IHSG dibuka dengan 74 saham menguat, 42 saham melemah dan 62 saham stagnan. Membuka perdagangan, telah terjadi transaksi sebesar Rp287 miliar dari 147 juta lembar saham diperdagangkan.

Senior analis LBP Enterprise, Lucky Bayu Purnomo, mengatakan bahwa pasar masih cenderung menguat terbatas, karena saham di AS menguat dan saham di diskon sudah cukup besar.

“Jadi pasar akan melihat penurunan ini sudah terlalu dalam. Karenanya, IHSG akan menguat terbatas, dengan harapan FOMC memberikan dampak positif,” kata dia dalam acara Power Breakfast di MNC Channel, Selasa (28/5/2015).

Indeks LQ45 turun 5,3 poin atau 0,58 persen menjadi 903, Jakarta Islamic Index (JII) melemah 4,2 poin atau 0,6 persen menjadi 696, indeks IDX30 turun 2,9 poin atau 0,63 persen menjadi 466, dan indeks MNC36 turun 1,3 poin atau 0,4 persen menjadi 284.

Sektor-sektor penggerak IHSG mayoritas menurun. Sementara sektor, perkebunan, industri dasar, aneka industri dan properti menguat.

Di Asia, indeks Nikkei 225 naik 75 poin ke 20.058, indeks Hang Seng turun 147 poin ke 28.295, dan indeks Straits Times turun 0,32 persen ke 3.483.

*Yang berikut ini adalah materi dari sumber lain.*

(* Let $G=(V,E)$ be a graph with arboricity $\alpha$, let $\mu$ be an orientation of its edges with out-degree at most $2\alpha$, let $h\le\log\alpha$, and consider Procedure Oriented Edge-Coloring$(G,\mu,h)$. For every $0\le i\le h$, every graph $G^{(i)}$ computed after $i$ levels of recursion, and every $v\in V$, $$\frac{\mathrm{indeg}(v)}{2^i}-1\le\mathrm{indeg}^{(i)}(v)\le\frac{\mathrm{indeg}(v)}{2^i}+1\quad\text{and}\quad\frac{\mathrm{outdeg}(v)}{2^i}-1\le\mathrm{outdeg}^{(i)}(v)\le\frac{\mathrm{outdeg}(v)}{2^i}+1,$$ where $\mathrm{indeg},\mathrm{outdeg}$ are taken in $G$ and $\mathrm{indeg}^{(i)},\mathrm{outdeg}^{(i)}$ in $G^{(i)}$, with respect to $\mu$.
   Context: Logarithms are base 2. The arboricity of $G$ is $\max_{S\subseteq V,|S|\ge2}\lceil |E(G[S])|/(|S|-1)\rceil$. An oriented degree-splitting of $(H,\mu)$ with discrepancy $\kappa$ is a partition $(E_1,E_2)$ of $E(H)$ such that for every vertex $v$, the numbers of incoming edges of $v$ in $E_1$ and in $E_2$ differ by at most $\kappa$, and likewise for outgoing edges. Procedure Oriented Edge-Coloring$(H,\mu,h)$: if $h=0$, return a proper $(\Delta(H)+1)$-edge-coloring of $H$ from a base-case subroutine; otherwise compute an oriented degree-splitting $(E_1,E_2)$ of $(H,\mu)$ with discrepancy at most 1, recursively call Oriented Edge-Coloring$(H_1,\mu,h-1)$ and Oriented Edge-Coloring$(H_2,\mu,h-1)$ on $H_1=(V,E_1)$, $H_2=(V,E_2)$ (with the orientation induced by $\mu$), and merge the colorings using disjoint palettes. $G^{(0)}=G$, and a graph computed after $i$ levels of recursion is any $H_1$ or $H_2$ produced from a graph computed after $i-1$ levels. *)

theory Defs
  imports Complex_Main
begin

definition simple_graph :: "'a set \<Rightarrow> 'a set set \<Rightarrow> bool" where
  "simple_graph V E \<longleftrightarrow> finite V \<and> (\<forall>e\<in>E. e \<subseteq> V \<and> card e = 2)"

definition orientation :: "'a set set \<Rightarrow> ('a set \<Rightarrow> 'a \<times> 'a) \<Rightarrow> bool" where
  "orientation E mu \<longleftrightarrow> (\<forall>e\<in>E. e = {fst (mu e), snd (mu e)})"

text \<open>Arboricity: max over S subset V with |S| >= 2 of ceil(|E(G[S])| / (|S|-1));
  taken to be 0 if V has fewer than 2 vertices (empty maximum).\<close>
definition arboricity :: "'a set \<Rightarrow> 'a set set \<Rightarrow> nat" where
  "arboricity V E = Max (insert 0
     {nat \<lceil>real (card {e\<in>E. e \<subseteq> S}) / real (card S - 1)\<rceil> | S. S \<subseteq> V \<and> card S \<ge> 2})"

definition indeg :: "('a set \<Rightarrow> 'a \<times> 'a) \<Rightarrow> 'a set set \<Rightarrow> 'a \<Rightarrow> nat" where
  "indeg mu F v = card {e\<in>F. snd (mu e) = v}"

definition outdeg :: "('a set \<Rightarrow> 'a \<times> 'a) \<Rightarrow> 'a set set \<Rightarrow> 'a \<Rightarrow> nat" where
  "outdeg mu F v = card {e\<in>F. fst (mu e) = v}"

definition oriented_degree_splitting ::
  "'a set \<Rightarrow> ('a set \<Rightarrow> 'a \<times> 'a) \<Rightarrow> 'a set set \<Rightarrow> int \<Rightarrow> 'a set set \<Rightarrow> 'a set set \<Rightarrow> bool" where
  "oriented_degree_splitting V mu F kappa E1 E2 \<longleftrightarrow>
     E1 \<union> E2 = F \<and> E1 \<inter> E2 = {} \<and>
     (\<forall>v\<in>V. \<bar>int (indeg mu E1 v) - int (indeg mu E2 v)\<bar> \<le> kappa \<and>
            \<bar>int (outdeg mu E1 v) - int (outdeg mu E2 v)\<bar> \<le> kappa)"

text \<open>Edge sets of graphs computed after i levels of recursion of
  Oriented Edge-Coloring(G, mu, h), started on G = (V,E); each recursive step
  uses an oriented degree-splitting with discrepancy at most 1.\<close>
inductive computed_at_level ::
  "'a set \<Rightarrow> 'a set set \<Rightarrow> ('a set \<Rightarrow> 'a \<times> 'a) \<Rightarrow> nat \<Rightarrow> 'a set set \<Rightarrow> bool"
  for V E mu where
  base: "computed_at_level V E mu 0 E"
| left: "computed_at_level V E mu i F \<Longrightarrow> oriented_degree_splitting V mu F 1 E1 E2
          \<Longrightarrow> computed_at_level V E mu (Suc i) E1"
| right: "computed_at_level V E mu i F \<Longrightarrow> oriented_degree_splitting V mu F 1 E1 E2
          \<Longrightarrow> computed_at_level V E mu (Suc i) E2"

end

theory Submission
  imports Defs
begin

text \<open>If \<open>d = d\<^sub>1 + d\<^sub>2\<close> and \<open>\<bar>d\<^sub>1 - d\<^sub>2\<bar> \<le> 1\<close>, then \<open>d\<^sub>1\<close> is within \<open>1/2\<close> of \<open>d/2\<close>.
  So if a degree at level \<open>i\<close> is within \<open>\<epsilon>\<^sub>i\<close> of \<open>deg/2\<^sup>i\<close>, then at level \<open>i+1\<close> it is
  within \<open>\<epsilon>\<^sub>i/2 + 1/2\<close> of \<open>deg/2\<^sup>i\<^sup>+\<^sup>1\<close>; starting from \<open>\<epsilon>\<^sub>0 = 0\<close>, the error never exceeds 1.\<close>

lemma half_of_balanced_sum:
  fixes x \<epsilon> :: real and \<kappa> :: int and a b c :: nat
  assumes "a = b + c" "\<bar>real a - x\<bar> \<le> \<epsilon>" "\<bar>int b - int c\<bar> \<le> \<kappa>"
  shows "\<bar>real b - x / 2\<bar> \<le> (\<epsilon> + \<kappa>) / 2"
proof -
  have bc: "\<bar>real b - real c\<bar> \<le> \<kappa>"
    using assms(3) by linarith
  have "real b - x / 2 = ((real a - x) + (real b - real c)) / 2"
    using assms(1) by (simp add: field_simps)
  then have "\<bar>real b - x / 2\<bar> = \<bar>(real a - x) + (real b - real c)\<bar> / 2"
    by (simp only: abs_divide abs_numeral)
  also have "\<dots> \<le> (\<bar>real a - x\<bar> + \<bar>real b - real c\<bar>) / 2"
    by (intro divide_right_mono abs_triangle_ineq) simp
  also have "\<dots> \<le> (\<epsilon> + \<kappa>) / 2"
    using assms(2) bc by simp
  finally show ?thesis .
qed

lemma indeg_Un_disjoint:
  assumes "finite E1" "finite E2" "E1 \<inter> E2 = {}"
  shows "indeg mu (E1 \<union> E2) v = indeg mu E1 v + indeg mu E2 v"
proof -
  have "{e \<in> E1 \<union> E2. snd (mu e) = v} = {e \<in> E1. snd (mu e) = v} \<union> {e \<in> E2. snd (mu e) = v}"
    by blast
  then show ?thesis
    unfolding indeg_def using assms by (simp add: card_Un_disjoint disjoint_iff)
qed

lemma outdeg_Un_disjoint:
  assumes "finite E1" "finite E2" "E1 \<inter> E2 = {}"
  shows "outdeg mu (E1 \<union> E2) v = outdeg mu E1 v + outdeg mu E2 v"
proof -
  have "{e \<in> E1 \<union> E2. fst (mu e) = v} = {e \<in> E1. fst (mu e) = v} \<union> {e \<in> E2. fst (mu e) = v}"
    by blast
  then show ?thesis
    unfolding outdeg_def using assms by (simp add: card_Un_disjoint disjoint_iff)
qed

lemma oriented_degree_splitting_sym:
  "oriented_degree_splitting V mu F \<kappa> E1 E2 \<Longrightarrow> oriented_degree_splitting V mu F \<kappa> E2 E1"
  unfolding oriented_degree_splitting_def by (auto simp: abs_minus_commute)

lemma oriented_degree_splitting_halves_degrees:
  assumes split: "oriented_degree_splitting V mu F \<kappa> E1 E2"
    and "finite F" "v \<in> V"
    and "\<bar>real (indeg mu F v) - x\<bar> \<le> \<epsilon>" "\<bar>real (outdeg mu F v) - y\<bar> \<le> \<epsilon>"
  shows "\<bar>real (indeg mu E1 v) - x / 2\<bar> \<le> (\<epsilon> + \<kappa>) / 2 \<and>
         \<bar>real (outdeg mu E1 v) - y / 2\<bar> \<le> (\<epsilon> + \<kappa>) / 2"
proof -
  have F: "F = E1 \<union> E2" and disj: "E1 \<inter> E2 = {}"
    and "\<bar>int (indeg mu E1 v) - int (indeg mu E2 v)\<bar> \<le> \<kappa>"
    and "\<bar>int (outdeg mu E1 v) - int (outdeg mu E2 v)\<bar> \<le> \<kappa>"
    using split \<open>v \<in> V\<close> unfolding oriented_degree_splitting_def by auto
  moreover have "indeg mu F v = indeg mu E1 v + indeg mu E2 v"
    and "outdeg mu F v = outdeg mu E1 v + outdeg mu E2 v"
    using \<open>finite F\<close> disj unfolding F by (simp_all add: indeg_Un_disjoint outdeg_Un_disjoint)
  ultimately show ?thesis
    using half_of_balanced_sum assms(4,5) by blast
qed

lemma computed_at_level_subset:
  "computed_at_level V E mu i F \<Longrightarrow> F \<subseteq> E"
  by (induction rule: computed_at_level.induct) (auto simp: oriented_degree_splitting_def)

lemma computed_at_level_degrees:
  assumes "computed_at_level V E mu i F" "finite E" "v \<in> V"
  shows "\<bar>real (indeg mu F v) - real (indeg mu E v) / 2 ^ i\<bar> \<le> 1 \<and>
         \<bar>real (outdeg mu F v) - real (outdeg mu E v) / 2 ^ i\<bar> \<le> 1"
  using assms(1)
proof (induction rule: computed_at_level.induct)
  case base
  then show ?case by simp
next
  case (left i F E1 E2)
  have "finite F"
    using computed_at_level_subset[OF left.hyps(1)] \<open>finite E\<close> by (rule finite_subset)
  from oriented_degree_splitting_halves_degrees[OF left.hyps(2) this \<open>v \<in> V\<close>
      left.IH[THEN conjunct1] left.IH[THEN conjunct2]]
  show ?case by (simp add: mult.commute)
next
  case (right i F E1 E2)
  have "finite F"
    using computed_at_level_subset[OF right.hyps(1)] \<open>finite E\<close> by (rule finite_subset)
  from oriented_degree_splitting_halves_degrees[OF oriented_degree_splitting_sym[OF right.hyps(2)]
      this \<open>v \<in> V\<close> right.IH[THEN conjunct1] right.IH[THEN conjunct2]]
  show ?case by (simp add: mult.commute)
qed

theorem lemma4p8:
  fixes V :: "'a set" and E :: "'a set set" and mu :: "'a set \<Rightarrow> 'a \<times> 'a"
    and h i :: nat and F :: "'a set set" and v :: 'a
  assumes "simple_graph V E"
    and "orientation E mu"
    and "\<forall>u\<in>V. outdeg mu E u \<le> 2 * arboricity V E"
    and "real h \<le> log 2 (real (arboricity V E))"
    and "i \<le> h"
    and "computed_at_level V E mu i F"
    and "v \<in> V"
  shows "real (indeg mu E v) / 2 ^ i - 1 \<le> real (indeg mu F v) \<and>
         real (indeg mu F v) \<le> real (indeg mu E v) / 2 ^ i + 1 \<and>
         real (outdeg mu E v) / 2 ^ i - 1 \<le> real (outdeg mu F v) \<and>
         real (outdeg mu F v) \<le> real (outdeg mu E v) / 2 ^ i + 1"
proof -
  have "E \<subseteq> Pow V" "finite V"
    using assms(1) unfolding simple_graph_def by auto
  then have "finite E"
    by (meson finite_Pow_iff finite_subset)
  from computed_at_level_degrees[OF assms(6) this assms(7)]
  show ?thesis by (simp add: abs_le_iff)
qed

end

Adapun saham-saham yang masuk dalam jajaran top gainers, antara lain saham PT Mitra Adi Perkasa Tbk (MAPI) naik Rp100 menjadi Rp5.500, PT Gudang Garam Tbk (GGRM) naik Rp175 ke Rp53.400 dan saham PT Tower Bersama Infrastructure Tbk (TBIG) naik Rp175 ke Rp8.600.

Sedangkan saham-saham yang bergerak dalam jajaran top losers, antara lain saham PT United Tractor Tbk (UNTR) turun Rp625 menjadi Rp21.875, PT Unilever Indonesia Tbk (UNVR) turun Rp425 menjadi Rp44.075 dan saham PT Jasa Marga Tbk (JSMR) turun Rp250 menjadi Rp6.425.